Word for word, restate each of the records below.

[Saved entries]
※ ※ ※

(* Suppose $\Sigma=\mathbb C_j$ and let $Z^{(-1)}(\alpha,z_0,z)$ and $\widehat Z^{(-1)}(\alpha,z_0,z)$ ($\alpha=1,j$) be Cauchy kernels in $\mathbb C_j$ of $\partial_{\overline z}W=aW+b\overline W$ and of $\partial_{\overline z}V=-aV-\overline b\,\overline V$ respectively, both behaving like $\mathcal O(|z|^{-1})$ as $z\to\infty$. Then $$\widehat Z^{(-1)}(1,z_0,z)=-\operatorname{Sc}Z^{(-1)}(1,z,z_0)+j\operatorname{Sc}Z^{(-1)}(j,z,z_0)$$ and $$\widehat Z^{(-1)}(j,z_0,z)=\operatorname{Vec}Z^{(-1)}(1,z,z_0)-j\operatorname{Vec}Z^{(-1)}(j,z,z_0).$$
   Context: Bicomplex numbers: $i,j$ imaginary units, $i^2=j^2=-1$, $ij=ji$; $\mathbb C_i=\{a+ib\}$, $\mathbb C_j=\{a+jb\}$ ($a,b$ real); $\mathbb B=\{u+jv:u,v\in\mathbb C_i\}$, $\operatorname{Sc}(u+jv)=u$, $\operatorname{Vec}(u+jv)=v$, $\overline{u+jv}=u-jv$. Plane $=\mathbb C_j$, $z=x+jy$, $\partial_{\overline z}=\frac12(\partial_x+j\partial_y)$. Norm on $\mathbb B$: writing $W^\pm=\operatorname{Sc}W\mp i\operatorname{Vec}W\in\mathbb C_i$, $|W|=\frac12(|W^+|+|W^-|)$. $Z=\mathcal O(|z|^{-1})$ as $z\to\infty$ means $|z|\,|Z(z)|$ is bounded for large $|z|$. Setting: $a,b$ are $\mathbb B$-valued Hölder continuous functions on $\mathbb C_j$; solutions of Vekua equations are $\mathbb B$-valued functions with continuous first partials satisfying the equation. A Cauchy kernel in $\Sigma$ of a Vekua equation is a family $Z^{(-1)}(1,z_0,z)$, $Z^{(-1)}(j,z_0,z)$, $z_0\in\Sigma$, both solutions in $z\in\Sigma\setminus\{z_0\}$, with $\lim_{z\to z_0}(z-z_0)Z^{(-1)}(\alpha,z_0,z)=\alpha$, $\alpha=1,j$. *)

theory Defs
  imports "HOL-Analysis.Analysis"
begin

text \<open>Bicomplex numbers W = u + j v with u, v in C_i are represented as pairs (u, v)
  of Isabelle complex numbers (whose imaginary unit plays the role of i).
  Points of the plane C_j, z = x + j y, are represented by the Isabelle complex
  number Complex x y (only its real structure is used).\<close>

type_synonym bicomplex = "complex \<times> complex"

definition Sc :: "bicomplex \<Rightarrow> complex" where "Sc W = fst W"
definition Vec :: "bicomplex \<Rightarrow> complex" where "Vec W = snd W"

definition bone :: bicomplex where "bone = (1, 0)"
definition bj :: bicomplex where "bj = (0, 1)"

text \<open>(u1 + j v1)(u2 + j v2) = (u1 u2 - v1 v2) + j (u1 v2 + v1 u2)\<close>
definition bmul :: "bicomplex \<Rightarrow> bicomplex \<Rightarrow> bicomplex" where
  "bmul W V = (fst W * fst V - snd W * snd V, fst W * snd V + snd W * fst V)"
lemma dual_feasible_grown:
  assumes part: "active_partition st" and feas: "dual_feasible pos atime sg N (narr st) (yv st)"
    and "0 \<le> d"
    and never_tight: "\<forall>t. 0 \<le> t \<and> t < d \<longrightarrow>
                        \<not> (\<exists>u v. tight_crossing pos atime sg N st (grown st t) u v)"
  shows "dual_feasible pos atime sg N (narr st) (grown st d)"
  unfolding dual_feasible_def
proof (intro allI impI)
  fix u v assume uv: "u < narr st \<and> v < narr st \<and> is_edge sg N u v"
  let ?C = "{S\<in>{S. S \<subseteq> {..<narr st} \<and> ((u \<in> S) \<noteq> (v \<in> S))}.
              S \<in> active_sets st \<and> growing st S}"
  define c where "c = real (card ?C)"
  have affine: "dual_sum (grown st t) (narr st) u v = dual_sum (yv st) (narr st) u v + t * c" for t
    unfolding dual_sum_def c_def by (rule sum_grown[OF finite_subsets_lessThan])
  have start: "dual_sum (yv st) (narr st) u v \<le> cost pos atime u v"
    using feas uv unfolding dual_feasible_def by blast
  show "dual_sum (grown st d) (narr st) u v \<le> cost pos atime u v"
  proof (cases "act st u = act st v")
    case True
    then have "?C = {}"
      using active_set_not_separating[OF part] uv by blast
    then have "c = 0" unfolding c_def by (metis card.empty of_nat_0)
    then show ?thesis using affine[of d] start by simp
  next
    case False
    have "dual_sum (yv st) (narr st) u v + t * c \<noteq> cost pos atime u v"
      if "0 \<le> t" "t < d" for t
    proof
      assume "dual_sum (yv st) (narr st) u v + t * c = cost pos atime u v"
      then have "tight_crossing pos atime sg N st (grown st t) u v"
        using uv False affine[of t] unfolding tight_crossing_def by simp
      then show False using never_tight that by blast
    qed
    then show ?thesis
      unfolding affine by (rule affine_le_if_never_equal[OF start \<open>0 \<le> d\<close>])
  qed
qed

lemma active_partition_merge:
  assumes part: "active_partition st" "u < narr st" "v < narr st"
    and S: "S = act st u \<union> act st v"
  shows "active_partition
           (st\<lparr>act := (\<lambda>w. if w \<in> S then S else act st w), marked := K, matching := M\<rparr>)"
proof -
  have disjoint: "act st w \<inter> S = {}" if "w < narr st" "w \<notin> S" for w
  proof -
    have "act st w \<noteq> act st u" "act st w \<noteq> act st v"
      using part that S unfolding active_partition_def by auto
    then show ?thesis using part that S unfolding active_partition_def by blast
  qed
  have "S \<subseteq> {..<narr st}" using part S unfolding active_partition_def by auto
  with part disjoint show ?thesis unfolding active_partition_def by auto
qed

※ ※ ※

◆ Exercise response
(* Suppose $\Sigma=\mathbb C_j$ and let $Z^{(-1)}(\alpha,z_0,z)$ and $\widehat Z^{(-1)}(\alpha,z_0,z)$ ($\alpha=1,j$) be Cauchy kernels in $\mathbb C_j$ of $\partial_{\overline z}W=aW+b\overline W$ and of $\partial_{\overline z}V=-aV-\overline b\,\overline V$ respectively, both behaving like $\mathcal O(|z|^{-1})$ as $z\to\infty$. Then $$\widehat Z^{(-1)}(1,z_0,z)=-\operatorname{Sc}Z^{(-1)}(1,z,z_0)+j\operatorname{Sc}Z^{(-1)}(j,z,z_0)$$ and $$\widehat Z^{(-1)}(j,z_0,z)=\operatorname{Vec}Z^{(-1)}(1,z,z_0)-j\operatorname{Vec}Z^{(-1)}(j,z,z_0).$$
   Context: Bicomplex numbers: $i,j$ imaginary units, $i^2=j^2=-1$, $ij=ji$; $\mathbb C_i=\{a+ib\}$, $\mathbb C_j=\{a+jb\}$ ($a,b$ real); $\mathbb B=\{u+jv:u,v\in\mathbb C_i\}$, $\operatorname{Sc}(u+jv)=u$, $\operatorname{Vec}(u+jv)=v$, $\overline{u+jv}=u-jv$. Plane $=\mathbb C_j$, $z=x+jy$, $\partial_{\overline z}=\frac12(\partial_x+j\partial_y)$. Norm on $\mathbb B$: writing $W^\pm=\operatorname{Sc}W\mp i\operatorname{Vec}W\in\mathbb C_i$, $|W|=\frac12(|W^+|+|W^-|)$. $Z=\mathcal O(|z|^{-1})$ as $z\to\infty$ means $|z|\,|Z(z)|$ is bounded for large $|z|$. Setting: $a,b$ are $\mathbb B$-valued Hölder continuous functions on $\mathbb C_j$; solutions of Vekua equations are $\mathbb B$-valued functions with continuous first partials satisfying the equation. A Cauchy kernel in $\Sigma$ of a Vekua equation is a family $Z^{(-1)}(1,z_0,z)$, $Z^{(-1)}(j,z_0,z)$, $z_0\in\Sigma$, both solutions in $z\in\Sigma\setminus\{z_0\}$, with $\lim_{z\to z_0}(z-z_0)Z^{(-1)}(\alpha,z_0,z)=\alpha$, $\alpha=1,j$. *)

theory Defs
  imports "HOL-Analysis.Analysis"
begin

text \<open>Bicomplex numbers W = u + j v with u, v in C_i are represented as pairs (u, v)
  of Isabelle complex numbers (whose imaginary unit plays the role of i).
  Points of the plane C_j, z = x + j y, are represented by the Isabelle complex
  number Complex x y (only its real structure is used).\<close>

type_synonym bicomplex = "complex \<times> complex"

definition Sc :: "bicomplex \<Rightarrow> complex" where "Sc W = fst W"
definition Vec :: "bicomplex \<Rightarrow> complex" where "Vec W = snd W"

definition bone :: bicomplex where "bone = (1, 0)"
definition bj :: bicomplex where "bj = (0, 1)"

text \<open>(u1 + j v1)(u2 + j v2) = (u1 u2 - v1 v2) + j (u1 v2 + v1 u2)\<close>
definition bmul :: "bicomplex \<Rightarrow> bicomplex \<Rightarrow> bicomplex" where
  "bmul W V = (fst W * fst V - snd W * snd V, fst W * snd V + snd W * fst V)"
lemma dual_feasible_grown:
  assumes part: "active_partition st" and feas: "dual_feasible pos atime sg N (narr st) (yv st)"
    and "0 \<le> d"
    and never_tight: "\<forall>t. 0 \<le> t \<and> t < d \<longrightarrow>
                        \<not> (\<exists>u v. tight_crossing pos atime sg N st (grown st t) u v)"
  shows "dual_feasible pos atime sg N (narr st) (grown st d)"
  unfolding dual_feasible_def
proof (intro allI impI)
  fix u v assume uv: "u < narr st \<and> v < narr st \<and> is_edge sg N u v"
  let ?C = "{S\<in>{S. S \<subseteq> {..<narr st} \<and> ((u \<in> S) \<noteq> (v \<in> S))}.
              S \<in> active_sets st \<and> growing st S}"
  define c where "c = real (card ?C)"
  have affine: "dual_sum (grown st t) (narr st) u v = dual_sum (yv st) (narr st) u v + t * c" for t
    unfolding dual_sum_def c_def by (rule sum_grown[OF finite_subsets_lessThan])
  have start: "dual_sum (yv st) (narr st) u v \<le> cost pos atime u v"
    using feas uv unfolding dual_feasible_def by blast
  show "dual_sum (grown st d) (narr st) u v \<le> cost pos atime u v"
  proof (cases "act st u = act st v")
    case True
    then have "?C = {}"
      using active_set_not_separating[OF part] uv by blast
    then have "c = 0" unfolding c_def by (metis card.empty of_nat_0)
    then show ?thesis using affine[of d] start by simp
  next
    case False
    have "dual_sum (yv st) (narr st) u v + t * c \<noteq> cost pos atime u v"
      if "0 \<le> t" "t < d" for t
    proof
      assume "dual_sum (yv st) (narr st) u v + t * c = cost pos atime u v"
      then have "tight_crossing pos atime sg N st (grown st t) u v"
        using uv False affine[of t] unfolding tight_crossing_def by simp
      then show False using never_tight that by blast
    qed
    then show ?thesis
      unfolding affine by (rule affine_le_if_never_equal[OF start \<open>0 \<le> d\<close>])
  qed
qed

lemma active_partition_merge:
  assumes part: "active_partition st" "u < narr st" "v < narr st"
    and S: "S = act st u \<union> act st v"
  shows "active_partition
           (st\<lparr>act := (\<lambda>w. if w \<in> S then S else act st w), marked := K, matching := M\<rparr>)"
proof -
  have disjoint: "act st w \<inter> S = {}" if "w < narr st" "w \<notin> S" for w
  proof -
    have "act st w \<noteq> act st u" "act st w \<noteq> act st v"
      using part that S unfolding active_partition_def by auto
    then show ?thesis using part that S unfolding active_partition_def by blast
  qed
  have "S \<subseteq> {..<narr st}" using part S unfolding active_partition_def by auto
  with part disjoint show ?thesis unfolding active_partition_def by auto
qed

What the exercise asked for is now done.